» Data for review:
(* Let $d \geq 3$ and $1 \leq r < \frac d2$ be integers and $|q|<1$. Let $f_{d,r}(x;q) := \sum_{\lambda} x^{\ell(\lambda)} q^{|\lambda|}$, where the sum runs over all partitions $\lambda$ (including the empty one) such that every part is congruent to $0, \pm r \pmod d$, consecutive parts satisfy $\lambda_i - \lambda_{i+1} \geq d$, and $\lambda_i - \lambda_{i+1} > d$ whenever $d \mid \lambda_i$; $\ell(\lambda)$ is the number of parts and $|\lambda|$ their sum. Then \[ f_{d,r}(x;q) = \left(x;q^d\right)_\infty \sum_{n \geq 0} x^n \frac{\left(-q^r, -q^{d-r}; q^d\right)_n}{\left(q^d;q^d\right)_n}. \]
   Context: For $n \in \mathbb{N}_0 \cup \{\infty\}$, $(a;q)_n := \prod_{j=0}^{n-1}(1-aq^j)$ and $(a_1,\dots,a_s;q)_n := (a_1;q)_n\cdots(a_s;q)_n$. *)

theory Defs
  imports "HOL-Analysis.Analysis"
begin

definition qpoch :: "complex \<Rightarrow> complex \<Rightarrow> nat \<Rightarrow> complex" where
  "qpoch a q n = (\<Prod>j<n. 1 - a * q ^ j)"

definition qpoch_inf :: "complex \<Rightarrow> complex \<Rightarrow> complex" where
  "qpoch_inf a q = (\<Prod>j. 1 - a * q ^ j)"

text \<open>Partitions are lists of parts in weakly decreasing order (here in fact strictly
  decreasing by the gap condition).\<close>
definition drr_partitions :: "nat \<Rightarrow> nat \<Rightarrow> nat list set" where
  "drr_partitions d r = {l.
     (\<forall>p\<in>set l. 0 < p \<and> (p mod d = 0 \<or> p mod d = r mod d \<or> p mod d = (d - r) mod d)) \<and>
     (\<forall>i. Suc i < length l \<longrightarrow>
        l ! (Suc i) + d \<le> l ! i \<and> (d dvd l ! i \<longrightarrow> l ! (Suc i) + d < l ! i))}"

end

theory Submission
  imports Defs
begin

(* The generating function F(x) = f_{d,r}(x;q) is taken over partitions listed in increasing
   order. Classifying them by their smallest part p (none, p > d, p = r, p = d - r or p = d),
   removing p and subtracting d (or 2d if p = d) from the remaining parts gives the
   q-difference equation
     F(x) = (1 + x q^r + x q^(d-r)) F(x q^d) + x q^d (1 - x q^d) F(x q^(2d)).
   With Q = q^d, a = -q^r and b = -q^(d-r), the right-hand side H(x) = (x;Q)_inf phi(x) of the
   identity, where phi is the series with coefficients (a;Q)_n (b;Q)_n / (Q;Q)_n, satisfies the
   same equation: the coefficients of phi obey a first-order recurrence and
   (x;Q)_inf = (1 - x) (xQ;Q)_inf. Both F and H are continuous at 0 with value 1, and a solution
   of such an equation that is continuous at 0 and vanishes there vanishes on the unit disc:
   iterating the equation pushes the argument into any neighbourhood of 0 at the cost of the
   factors 1 + C |x| |Q|^k, whose product stays bounded. *)

section \<open>Partitions with difference conditions\<close>

definition drr_part :: "nat \<Rightarrow> nat \<Rightarrow> nat \<Rightarrow> bool" where
  "drr_part d r p \<longleftrightarrow> 0 < p \<and> (p mod d = 0 \<or> p mod d = r mod d \<or> p mod d = (d - r) mod d)"

definition drr_gap :: "nat \<Rightarrow> nat \<Rightarrow> nat \<Rightarrow> bool" where
  "drr_gap d a b \<longleftrightarrow> a + d \<le> b \<and> (d dvd b \<longrightarrow> a + d < b)"

(* Parts in increasing order (drr_partitions lists them decreasingly), so that the smallest part
   is the head. *)
definition drr_lists :: "nat \<Rightarrow> nat \<Rightarrow> nat list set" where
  "drr_lists d r = {l. (\<forall>p\<in>set l. drr_part d r p) \<and> sorted_wrt (drr_gap d) l}"

lemma drr_lists_Cons:
  "p # l \<in> drr_lists d r \<longleftrightarrow> drr_part d r p \<and> (\<forall>y\<in>set l. drr_gap d p y) \<and> l \<in> drr_lists d r"
  unfolding drr_lists_def by auto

» Exercise requirements: Examine the entries and say how many of their lines hold the word "open". No other words should accompany the number.

» Written answer: 2